Directions for this task:
Lines from the top of the entries down to the line with "proof (rule ccontr)" must be set down exactly as they stand, with both ends retained.

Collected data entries
text \<open>A hyperplane separating the mean from the closed convex epigraph would also separate
  the integral of the pointwise mixtures of epigraph points.\<close>

lemma integral_mixture_in_closure_epigraph:
  fixes f :: "'a::euclidean_space \<Rightarrow> real" and g :: "'t \<Rightarrow> 'a"
  assumes f: "convex_on K f"
    and c: "integrable M c" "integral\<^sup>L M c = 1" and g: "integrable M g" and h: "integrable M h"
    and mix: "\<And>t. \<exists>p (\<mu> :: 'l::finite \<Rightarrow> 'a). (\<forall>l. 0 \<le> p l \<and> \<mu> l \<in> K) \<and> c t = (\<Sum>l\<in>UNIV. p l)
                \<and> g t = (\<Sum>l\<in>UNIV. p l *\<^sub>R \<mu> l) \<and> h t = (\<Sum>l\<in>UNIV. p l * f (\<mu> l))"
  shows "(integral\<^sup>L M g, integral\<^sup>L M h) \<in> closure (epigraph K f)"
proof (rule ccontr)
  assume "(integral\<^sup>L M g, integral\<^sup>L M h) \<notin> closure (epigraph K f)"
  moreover have "convex (closure (epigraph K f))"
    using f by (simp add: convex_epigraph convex_closure)
  ultimately obtain a b where below: "inner a (integral\<^sup>L M g, integral\<^sup>L M h) < b"
    and above: "\<And>x. x \<in> closure (epigraph K f) \<Longrightarrow> b < inner a x"
    using separating_hyperplane_closed_point[OF _ closed_closure] by metis
  define \<phi> where "\<phi> = (\<lambda>t. inner (fst a) (g t) + snd a * h t)"
  have inner_pair: "inner a (x, y) = inner (fst a) x + snd a * y" for x y
    by (cases a) (simp add: inner_Pair)
  have "b * c t \<le> \<phi> t" for t
  proof -
    obtain p and \<mu> :: "'l \<Rightarrow> 'a" where p\<mu>: "\<forall>l. 0 \<le> p l \<and> \<mu> l \<in> K"
      and ct: "c t = (\<Sum>l\<in>UNIV. p l)" and gt: "g t = (\<Sum>l\<in>UNIV. p l *\<^sub>R \<mu> l)"
      and ht: "h t = (\<Sum>l\<in>UNIV. p l * f (\<mu> l))"
      using mix[of t] by blast
    have "b * c t = (\<Sum>l\<in>UNIV. p l * b)"
      unfolding ct by (simp add: sum_distrib_left mult.commute)
    also have "\<dots> \<le> (\<Sum>l\<in>UNIV. p l * inner a (\<mu> l, f (\<mu> l)))"
    proof (rule sum_mono)
      fix l
      have "(\<mu> l, f (\<mu> l)) \<in> closure (epigraph K f)"
        using p\<mu> closure_subset by (fastforce simp: epigraph_def)
      then show "p l * b \<le> p l * inner a (\<mu> l, f (\<mu> l))"
        using p\<mu> above by (intro mult_left_mono) (auto intro: less_imp_le)
    qed
    also have "\<dots> = \<phi> t"
      unfolding \<phi>_def gt ht inner_pair
      by (simp add: inner_sum_right sum_distrib_left sum.distrib distrib_left mult_ac)
    finally show ?thesis .
  qed
  then have "integral\<^sup>L M (\<lambda>t. b * c t) \<le> integral\<^sup>L M \<phi>"
    using c g h unfolding \<phi>_def by (intro integral_mono) auto
  then have "b \<le> inner a (integral\<^sup>L M g, integral\<^sup>L M h)"
    using c g h unfolding \<phi>_def by (simp add: inner_pair)
  then show False
    using below by simp
qed

lemma jensen_mixture:
  fixes f :: "'a::euclidean_space \<Rightarrow> real" and g :: "'t \<Rightarrow> 'a"
  assumes f: "continuous_on K f" "convex_on K f"
    and c: "integrable M c" "integral\<^sup>L M c = 1" and g: "integrable M g" and h: "integrable M h"
    and mean: "integral\<^sup>L M g \<in> K"
    and mix: "\<And>t. \<exists>p (\<mu> :: 'l::finite \<Rightarrow> 'a). (\<forall>l. 0 \<le> p l \<and> \<mu> l \<in> K) \<and> c t = (\<Sum>l\<in>UNIV. p l)
                \<and> g t = (\<Sum>l\<in>UNIV. p l *\<^sub>R \<mu> l) \<and> h t = (\<Sum>l\<in>UNIV. p l * f (\<mu> l))"
  shows "f (integral\<^sup>L M g) \<le> integral\<^sup>L M h"
proof -
  obtain s where s: "\<And>n. s n \<in> epigraph K f" "s \<longlonglongrightarrow> (integral\<^sup>L M g, integral\<^sup>L M h)"
    using integral_mixture_in_closure_epigraph[OF f(2) c g h mix] unfolding closure_sequential by blast
  have sK: "fst (s n) \<in> K" and s_above: "f (fst (s n)) \<le> snd (s n)" for n
    using s(1)[of n] by (auto simp: epigraph_def)
  have "(\<lambda>n. fst (s n)) \<longlonglongrightarrow> integral\<^sup>L M g"
    using tendsto_fst[OF s(2)] by simp
  then have "(\<lambda>n. f (fst (s n))) \<longlonglongrightarrow> f (integral\<^sup>L M g)"
    by (rule continuous_on_tendsto_compose[OF f(1) _ mean]) (simp add: sK)
  moreover have "(\<lambda>n. snd (s n)) \<longlonglongrightarrow> integral\<^sup>L M h"
    using tendsto_snd[OF s(2)] by simp
  ultimately show ?thesis
    using s_above by (intro LIMSEQ_le) auto
qed

lemma bounded_bilinear_matrix_mult:
  "bounded_bilinear ((**) :: complex^'m^'m \<Rightarrow> complex^'m^'m \<Rightarrow> complex^'m^'m)"
proof -
  have "(A + B) ** C = A ** C + B ** C" for A B C :: "complex^'m^'m"
    by (simp add: matrix_matrix_mult_def vec_eq_iff distrib_right sum.distrib)
  then show ?thesis
    unfolding bilinear_conv_bounded_bilinear[symmetric] bilinear_def
    by (auto intro!: linearI simp: matrix_add_ldistrib matrix_scalar_ac scalar_matrix_assoc)
qed
text \<open>q-tangent numbers: t_{2m+1}(q) is determined by the coefficient of z^(2m+1),
  which equals (-1)^m t_{2m+1}(q) / [2m+1]!.  Only meaningful for odd index.\<close>
definition qtan :: "real \<Rightarrow> nat \<Rightarrow> real" where
  "qtan q j = (-1) ^ ((j - 1) div 2) * qfact q j * fps_nth (qtan_fps q) j"

end

(*
  Let F(z) = \<Sum> T_n z^n / [n]! and let D, S be the q-derivative and the dilation z \<mapsto> q z.
  The recurrence for T_n says D\<^sup>2 F = x D F + q x S D F + q s S F.  Since D e(-xz) = -x e(-xz),
  the product G = F(z) e(-xz) satisfies D\<^sup>2 G = x\<^sup>2 G + q s S G, which only links coefficients
  two apart; as G_1 = 0, G is even.  Hence F(-z) e(xz) = F(z) e(-xz), and solving for the odd part
  gives F(z) - F(-z) = (F(z) + F(-z)) tan_q(xz), whose coefficient of z^(2n+1) is the claim.
*)
theory Submission
  imports Defs
begin

unbundle fps_syntax

lemma qint_Suc: "qint q (Suc m) = qint q m + q ^ m"
  by (simp add: qint_def)

lemma qfact_Suc: "qfact q (Suc m) = qfact q m * qint q (Suc m)"
  by (simp add: qfact_def)

lemma qint_add: "qint q (i + m) = qint q i + q ^ i * qint q m"
  by (induction m) (simp_all add: qint_def algebra_simps power_add)

lemma one_minus_q_mult_qint: "(1 - q) * qint q m = 1 - q ^ m"
proof (induction m)
  case (Suc m)
  have "(1 - q) * qint q (Suc m) = (1 - q) * qint q m + (1 - q) * q ^ m"
    by (simp add: qint_Suc distrib_left)
  then show ?case
    using Suc by (simp add: algebra_simps)
qed (simp add: qint_def)

lemma qint_nonzero:
  assumes "q \<noteq> -1" "m \<noteq> 0"
  shows "qint q m \<noteq> 0"
proof (cases "q = 1")
  case True
  then show ?thesis using assms by (simp add: qint_def)
next
  case False
  have "q ^ m \<noteq> 1"
  proof
    assume "q ^ m = 1"
    then have "\<bar>q\<bar> = 1"
      using power_eq_1_iff[of q m] assms by auto
    then show False
      using False assms by (auto simp: abs_if split: if_splits)
  qed
  then show ?thesis
    using one_minus_q_mult_qint[of q m] by auto
qed

lemma qfact_nonzero: "q \<noteq> -1 \<Longrightarrow> qfact q m \<noteq> 0"
  by (simp add: qfact_def qint_nonzero)

definition fps_dilate :: "'a::comm_semiring_1 \<Rightarrow> 'a fps \<Rightarrow> 'a fps" where
  "fps_dilate c f = Abs_fps (\<lambda>n. c ^ n * f $ n)"

lemma fps_dilate_nth [simp]: "fps_dilate c f $ n = c ^ n * f $ n"
  by (simp add: fps_dilate_def)

lemma fps_dilate_add: "fps_dilate c (f + g) = fps_dilate c f + fps_dilate c g"
  by (rule fps_ext) (simp add: algebra_simps)

lemma fps_dilate_diff:
  "fps_dilate (c::'a::comm_ring_1) (f - g) = fps_dilate c f - fps_dilate c g"
  by (rule fps_ext) (simp add: algebra_simps)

Result of this exercise:
text \<open>A hyperplane separating the mean from the closed convex epigraph would also separate
  the integral of the pointwise mixtures of epigraph points.\<close>

lemma integral_mixture_in_closure_epigraph:
  fixes f :: "'a::euclidean_space \<Rightarrow> real" and g :: "'t \<Rightarrow> 'a"
  assumes f: "convex_on K f"
    and c: "integrable M c" "integral\<^sup>L M c = 1" and g: "integrable M g" and h: "integrable M h"
    and mix: "\<And>t. \<exists>p (\<mu> :: 'l::finite \<Rightarrow> 'a). (\<forall>l. 0 \<le> p l \<and> \<mu> l \<in> K) \<and> c t = (\<Sum>l\<in>UNIV. p l)
                \<and> g t = (\<Sum>l\<in>UNIV. p l *\<^sub>R \<mu> l) \<and> h t = (\<Sum>l\<in>UNIV. p l * f (\<mu> l))"
  shows "(integral\<^sup>L M g, integral\<^sup>L M h) \<in> closure (epigraph K f)"
proof (rule ccontr)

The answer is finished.